Test on an external holdout or prospective cohort if possible.

Statistical confidence

Report confidence intervals for metrics (bootstrapping or CV-based intervals).

6) Deployment, monitoring & governance

Human-in-the-loop: deliver predictions as decision support, not autonomous decisions — clinicians should review flagged cases.

Pilot / prospective validation: test model in real workflow before full rollout (A/B test or prospective cohort) to measure clinical impact and false alarm rates.

Monitoring: track model performance over time (drift detection), track input feature distributions and label distribution shifts, trigger retraining when performance drops.

Logging & auditability: store predictions, inputs, clinician overrides, and outcomes for post-hoc analysis and regulatory compliance.

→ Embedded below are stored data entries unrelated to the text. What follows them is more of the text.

lemma profile_loglik_eq_obs_loglik:
  assumes "0 < n0" and "n0 < n" and "0 < \<pi>" and "\<pi> < 1"
  defines "b \<equiv> unlabeled_share (real n0) (real (n - n0)) \<pi>"
    and "c \<equiv> em_offset (real n0) (real (n - n0)) \<pi>"
  shows "profile_loglik n n0 x \<pi> \<alpha> \<eta> = obs_loglik n n0 b (\<lambda>i. \<alpha> + c + \<eta> (x i))"
proof -
  define N0 N1 where "N0 = real n0" and "N1 = real (n - n0)"
  define t where "t i = \<alpha> + c + \<eta> (x i)" for i
  have N: "0 < N0" "0 < N1" "0 < N1 * \<pi>" using assms by (simp_all add: N0_def N1_def)
  have b: "0 < b" "b < 1"
    using N assms(3) unfolding b_def N0_def N1_def by (simp_all add: unlabeled_share_bounds)
  have b_eq: "b = N1 * \<pi> / (N0 + N1 * \<pi>)"
    by (simp add: b_def unlabeled_share_def N0_def N1_def)
  have e: "exp (\<alpha> + \<eta> (x i) - ln ((1 - \<pi>) / \<pi>)) = b * exp (t i)" for i
    using exp_diff_ln_odds[of "real n0" "real (n - n0)" \<pi> "\<alpha> + \<eta> (x i)"] assms
    by (simp add: b_def c_def t_def add_ac)
  have one_plus_exp: "0 < 1 + exp (t i)" "1 + exp (t i) \<noteq> 0" for i
    using exp_gt_zero[of "t i"] by linarith+
  note ratios = profile_summand_ratios[OF less_imp_le[OF N(1)] N(3) exp_gt_zero, folded b_eq]
  have labeled: "ln (N0 * (b * exp (t i)) / (N1 * \<pi> + (N0 + N1 * \<pi>) * (b * exp (t i))))
      = ln (1 - b) + (t i - ln (1 + exp (t i)))" for i
    using b one_plus_exp by (simp add: ratios ln_mult ln_div)
  have unlabeled: "ln ((N1 * \<pi> + N1 * \<pi> * (b * exp (t i))) / (N1 * \<pi> + (N0 + N1 * \<pi>) * (b * exp (t i))))
      = ln (1 + b * exp (t i)) - ln (1 + exp (t i))" for i
  proof -
    have "0 < 1 + b * exp (t i)" using b(1) by (simp add: add_pos_pos)
    then show ?thesis using one_plus_exp[of i] by (simp add: ratios ln_div)
  qed
  have t_eq: "(\<lambda>i. \<alpha> + c + \<eta> (x i)) = t" by (simp add: fun_eq_iff t_def)
  show ?thesis
    unfolding t_eq profile_loglik_def obs_loglik_def Let_def e
    by (simp add: N0_def[symmetric] N1_def[symmetric] labeled unlabeled sum.distrib)
qed

lemma em_pi_update_bounds:
  assumes "0 < n0" and "n0 < n" and "0 < \<pi>" and "\<pi> < 1"
  shows "0 < (\<Sum>i=n0+1..n. estep n0 x \<pi> \<alpha> \<eta> i) / real (n - n0)"
    and "(\<Sum>i=n0+1..n. estep n0 x \<pi> \<alpha> \<eta> i) / real (n - n0) < 1"
proof -
  define b where "b = unlabeled_share (real n0) (real (n - n0)) \<pi>"
  define t where "t i = \<alpha> + em_offset (real n0) (real (n - n0)) \<pi> + \<eta> (x i)" for i
  have "0 < b" using assms by (simp add: b_def unlabeled_share_bounds)
  have y: "estep n0 x \<pi> \<alpha> \<eta> = posterior n0 b t"
    unfolding b_def t_def using assms by (intro estep_eq_posterior) simp_all
  have "0 < (\<Sum>i=n0+1..n. posterior n0 b t i)"
    using assms(2) \<open>0 < b\<close> by (intro sum_pos) (auto intro: posterior_bounds)
  moreover have "(\<Sum>i=n0+1..n. posterior n0 b t i) < (\<Sum>i=n0+1..n. 1)"
    using assms(2) \<open>0 < b\<close> by (intro sum_strict_mono) (auto intro: posterior_bounds)
  ultimately show "0 < (\<Sum>i=n0+1..n. estep n0 x \<pi> \<alpha> \<eta> i) / real (n - n0)"
    and "(\<Sum>i=n0+1..n. estep n0 x \<pi> \<alpha> \<eta> i) / real (n - n0) < 1"
    using assms(2) by (simp_all add: y of_nat_diff)
qed

lemma profile_loglik_em_step:
  fixes x :: "nat \<Rightarrow> real^'p::finite" and \<eta> \<eta>' :: "real^'p \<Rightarrow> real" and \<pi> \<alpha> a :: real
  assumes "0 < n0" and "n0 < n" and "0 < \<pi>" and "\<pi> < 1"
  defines "y \<equiv> estep n0 x \<pi> \<alpha> \<eta>"
  defines "\<pi>' \<equiv> (\<Sum>i=n0+1..n. y i) / real (n - n0)"
  assumes "mobj n x y (\<alpha> + em_offset (real n0) (real (n - n0)) \<pi>) \<eta> \<le> mobj n x y a \<eta>'"
  shows "profile_loglik n n0 x \<pi> \<alpha> \<eta>
           \<le> profile_loglik n n0 x \<pi>' (a - em_offset (real n0) (real (n - n0)) \<pi>') \<eta>'"
proof -
  define b where "b = unlabeled_share (real n0) (real (n - n0)) \<pi>"
  define t where "t = (\<lambda>i. \<alpha> + em_offset (real n0) (real (n - n0)) \<pi> + \<eta> (x i))"
  define S where "S = (\<Sum>i=n0+1..n. y i)"
  have "0 < b" "b < 1" using assms by (simp_all add: b_def unlabeled_share_bounds)
  have y: "y = posterior n0 b t"
    unfolding y_def b_def t_def using assms by (intro estep_eq_posterior) simp_all
  have \<pi>': "0 < \<pi>'" "\<pi>' < 1"
    unfolding \<pi>'_def y_def using em_pi_update_bounds assms by blast+
  have share': "S / (real n0 + S) = unlabeled_share (real n0) (real (n - n0)) \<pi>'"
    using assms(2) by (simp add: unlabeled_share_def \<pi>'_def S_def)
  have "logistic_loglik n y t \<le> logistic_loglik n y (\<lambda>i. a + \<eta>' (x i))"
    using assms(7) by (simp add: mobj_def logistic_loglik_def t_def add.assoc)
  then have ascent: "obs_loglik n n0 b t \<le> obs_loglik n n0 (S / (real n0 + S)) (\<lambda>i. a + \<eta>' (x i))"
    unfolding y S_def using assms(1,2) \<open>0 < b\<close> \<open>b < 1\<close> by (intro obs_loglik_em_ascent)
  have "profile_loglik n n0 x \<pi> \<alpha> \<eta> = obs_loglik n n0 b t"
    using profile_loglik_eq_obs_loglik[OF assms(1-4)] by (simp add: b_def t_def)
  also note ascent
  also have "obs_loglik n n0 (S / (real n0 + S)) (\<lambda>i. a + \<eta>' (x i))
      = profile_loglik n n0 x \<pi>' (a - em_offset (real n0) (real (n - n0)) \<pi>') \<eta>'"
    using profile_loglik_eq_obs_loglik[OF assms(1,2) \<pi>',
        of x "a - em_offset (real n0) (real (n - n0)) \<pi>'" \<eta>']
    by (simp add: share')
  finally show ?thesis .
qed

theorem proposition2:
  fixes n n0 m K :: nat
    and x :: "nat \<Rightarrow> real^'p::finite"
    and xi :: "nat \<Rightarrow> real" and q :: "'p \<Rightarrow> real"
    and \<pi>r \<alpha>r :: "nat \<Rightarrow> real" and \<eta>r :: "nat \<Rightarrow> real^'p \<Rightarrow> real"
  assumes n0_pos: "0 < n0" and n0_lt: "n0 < n"
    and x_unit: "\<forall>i\<in>{1..n}. \<forall>j. 0 \<le> x i $ j \<and> x i $ j \<le> 1"
    and m_pos: "1 \<le> m"
    and knots: "interior_knots K xi"
    and init_pi: "0 < \<pi>r 0 \<and> \<pi>r 0 < 1"
    and init_eta: "\<eta>r 0 \<in> sieve m K xi q"
    and pi_step: "\<forall>r. \<pi>r (Suc r) =
        (\<Sum>i=n0+1..n. estep n0 x (\<pi>r r) (\<alpha>r r) (\<eta>r r) i) / real (n - n0)"
    and am_step: "\<forall>r. \<exists>a. \<eta>r (Suc r) \<in> sieve m K xi q \<and>
        (\<forall>a'. \<forall>\<eta>'\<in>sieve m K xi q.
            mobj n x (estep n0 x (\<pi>r r) (\<alpha>r r) (\<eta>r r)) a' \<eta>'
            \<le> mobj n x (estep n0 x (\<pi>r r) (\<alpha>r r) (\<eta>r r)) a (\<eta>r (Suc r))) \<and>
        \<alpha>r (Suc r) = a - (ln (real n0 / real (n - n0) + \<pi>r (Suc r)) - ln (1 - \<pi>r (Suc r)))"
  shows "\<forall>r. profile_loglik n n0 x (\<pi>r r) (\<alpha>r r) (\<eta>r r)
             \<le> profile_loglik n n0 x (\<pi>r (Suc r)) (\<alpha>r (Suc r)) (\<eta>r (Suc r))"
proof
  fix r
  have \<pi>_bounds: "0 < \<pi>r k \<and> \<pi>r k < 1" for k
  proof (induction k)
    case 0
    show ?case using init_pi .
  next
    case (Suc k)
    then show ?case
      unfolding pi_step[rule_format] using em_pi_update_bounds[OF n0_pos n0_lt] by blast
  qed
  have in_sieve: "\<eta>r k \<in> sieve m K xi q" for k
    by (cases k) (use init_eta am_step in auto)
  obtain a where
    a_max: "\<forall>a'. \<forall>\<eta>'\<in>sieve m K xi q.
        mobj n x (estep n0 x (\<pi>r r) (\<alpha>r r) (\<eta>r r)) a' \<eta>'
        \<le> mobj n x (estep n0 x (\<pi>r r) (\<alpha>r r) (\<eta>r r)) a (\<eta>r (Suc r))"
    and \<alpha>_next: "\<alpha>r (Suc r) = a - em_offset (real n0) (real (n - n0)) (\<pi>r (Suc r))"
    using am_step[rule_format, of r] unfolding em_offset_def by blast
  have "mobj n x (estep n0 x (\<pi>r r) (\<alpha>r r) (\<eta>r r))
          (\<alpha>r r + em_offset (real n0) (real (n - n0)) (\<pi>r r)) (\<eta>r r)
        \<le> mobj n x (estep n0 x (\<pi>r r) (\<alpha>r r) (\<eta>r r)) a (\<eta>r (Suc r))"
    using a_max in_sieve by blast
  then show "profile_loglik n n0 x (\<pi>r r) (\<alpha>r r) (\<eta>r r)
             \<le> profile_loglik n n0 x (\<pi>r (Suc r)) (\<alpha>r (Suc r)) (\<eta>r (Suc r))"
    unfolding \<alpha>_next pi_step[rule_format]
    using profile_loglik_em_step n0_pos n0_lt \<pi>_bounds by blast
qed

end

Privacy & compliance: ensure EHR/HIPAA-compliant storage and processing; follow local regulations.

Explainability & acceptance: produce short human-friendly explanations with each prediction; involve clinicians in threshold setting.

7) Business value (what this model can deliver)

Early detection / triage: prioritize patients for further testing or early intervention → could reduce morbidity and downstream costs.

Resource optimization: route scarce diagnostic tests and specialist time to the most likely-positive patients.

Cost savings: reduce unnecessary tests or admissions if the model reduces false positives when properly tuned.

Operational efficiency: faster screening, reduced clinician workload on low-risk patients.

Measurable outcomes: improved time-to-diagnosis, reduced hospitalization rates, improved patient outcomes — measurable via an impact study or pilot.

Risks to manage: false negatives (missed disease) can be harmful; false positives cause anxiety and extra costs — choose thresholds and workflows to balance risk according to business/clinical priorities.

Quick practical checklist

EDA: missingness, distributions, class balance.

Build preprocessing ColumnTransformer (impute numeric, impute & encode categorical).

Pipeline → DecisionTreeClassifier(class_weight='balanced', random_state=42).

Tune parameters with GridSearchCV/RandomizedSearchCV and stratified CV; pick metric that matches clinical objective.

Evaluate with confusion matrix, ROC/PR AUC, calibration, and subgroup checks.

Explain results (feature importances, SHAP), pilot in clinic, then deploy with monitoring and retraining plan.